After permutation testing over 10,000 iterations and cluster size thresholding (50 voxels or larger), there remained 6 significant clusters of voxels within the SVM hyperplane. These clusters are visualized in Fig. 2. Positive contributions toward LID classification highlight the roles of the bilateral striatum (clusters 1 and 3) and right piriform cortex (cluster 4). Negative contributions are centered over the right globus pallidus, internal capsule and striatum (cluster 2), right insular cortex (cluster 5), left somatosensory cortex (cluster 6) and right piriform cortex (cluster 5). Note that the striatum showed mixed contributions on the right-hand side rostrocaudally, as did the piriform cortex mediolaterally. Table 2 contains a breakdown of the cluster properties and coordinates.

Fig. 2: Visualization of significant clusters.
figure 2

Clusters are visualized upon the Schwarz intracranial rat template MRI. Crosshairs indicate the center of mass for each cluster. Coordinates of the center of mass and extent over all three spatial dimensions are given in millimeters from the origin in real space. Clusters are shown in order of descending volume.

Full size image
Table 2 Summary of anatomy emphasized by statistically significant hyperplane clusters after size thresholding
Full size table

Discussion

The present work is a proof of concept for using pre-treatment perfusion imaging to classify susceptibility to LID in a Parkinsonian rodent model. Prior to this study, there had not been any known project attempting to classify Parkinsonian rodents by their susceptibility to LID with machine learning and multiple neuroimaging modalities. Among those tested, perfusion-based imaging (CBV and CBF) performed best for predicting LID susceptibility. They also indicate that structural (T2-weighted MR imaging) or metabolic (FDG PET) modalities alone may be insufficient for distinguishing between LID and NLID rodents for timeframes within the duration of study.
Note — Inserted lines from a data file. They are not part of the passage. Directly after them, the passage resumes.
lemma lrmin_of_low_lrmin_shift:
  assumes s: "s \<in> perms_of m" and free: "free123 s" and i: "Suc i < m"
    and low: "low_lrmin (lrmin_shift s) i"
  shows "s!(Suc i) < prefix_min s i"
proof (rule ccontr)
  assume "\<not> s!(Suc i) < prefix_min s i"
  have ls: "length s = m" using s perms_of_length by simp
  obtain p where p: "p \<le> i" "s!p = prefix_min s i" using prefix_min_attained[of i s] i ls by auto
  moreover have "s!(Suc i) \<noteq> s!p"
    using nth_eq_iff_index_eq[OF perms_of_distinct[OF s], of "Suc i" p] p i ls by simp
  ultimately have gt: "s!p < s!(Suc i)" using \<open>\<not> _ < _\<close> by simp
  then have "lrmin_shift s ! i = s!(Suc i) - 1"
    using lrmin_shift_nth[of i s] p i ls by (simp add: shift_entry_def)
  then have small: "s!(Suc i) + i < m"
    using low length_lrmin_shift[of s] perms_of_nth_bounds[OF s i] ls unfolding low_lrmin_def
    by (simp; arith)
  have "{q. q < m \<and> s!(Suc i) < s!q} \<subseteq> {..i} - {p}"
  proof
    fix q assume q: "q \<in> {q. q < m \<and> s!(Suc i) < s!q}"
    have "\<not> Suc i < q"
    proof
      assume "Suc i < q"
      moreover have "p < Suc i" "q < length s" "s!(Suc i) < s!q" using p q ls by auto
      ultimately show False using free gt unfolding free123_def by blast
    qed
    then show "q \<in> {..i} - {p}" using q gt by (cases "q = Suc i") auto
  qed
  then have "card {q. q < m \<and> s!(Suc i) < s!q} \<le> card ({..i} - {p})" by (intro card_mono) auto
  then have "m - s!(Suc i) \<le> i"
    using card_perms_of_greater[OF s, of "s!(Suc i)"] perms_of_nth_bounds[OF s i] p by simp
  then show False using small by linarith
qed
An image-guided predictive model could assist investigators in noninvasively identifying rodent subjects at heightened risk for LID before symptoms emerge. Researchers could then develop experimental designs in which rodents identified as likely to develop LID can be specifically targeted for intervention.

Our findings align with emerging evidence from animal and human neuroimaging studies that suggest vascular abnormalities, specifically abnormal neurovascular coupling, play a central role in the pathogenesis of LID. For instance, Jourdain et al. have previously demonstrated a dissociation between levodopa-induced increases in striatal blood flow and stable glucose metabolism, but also found resting hyperperfusion in the putamen and globus pallidus of dyskinetic patients without corresponding changes in dopaminergic function15,16. These studies suggest that dysregulated cerebral perfusion is mechanistically linked to LID. Previous work in our group showed that animals with LID have dysregulated blood vessel response to dopaminergic stimulation. This disregulation results in increased blood flow to the striatum and midbrain structures at peak levodopa dose when vascular hyperreactivity causes exaggerated and transient surges in blood flow and dopamine influx13.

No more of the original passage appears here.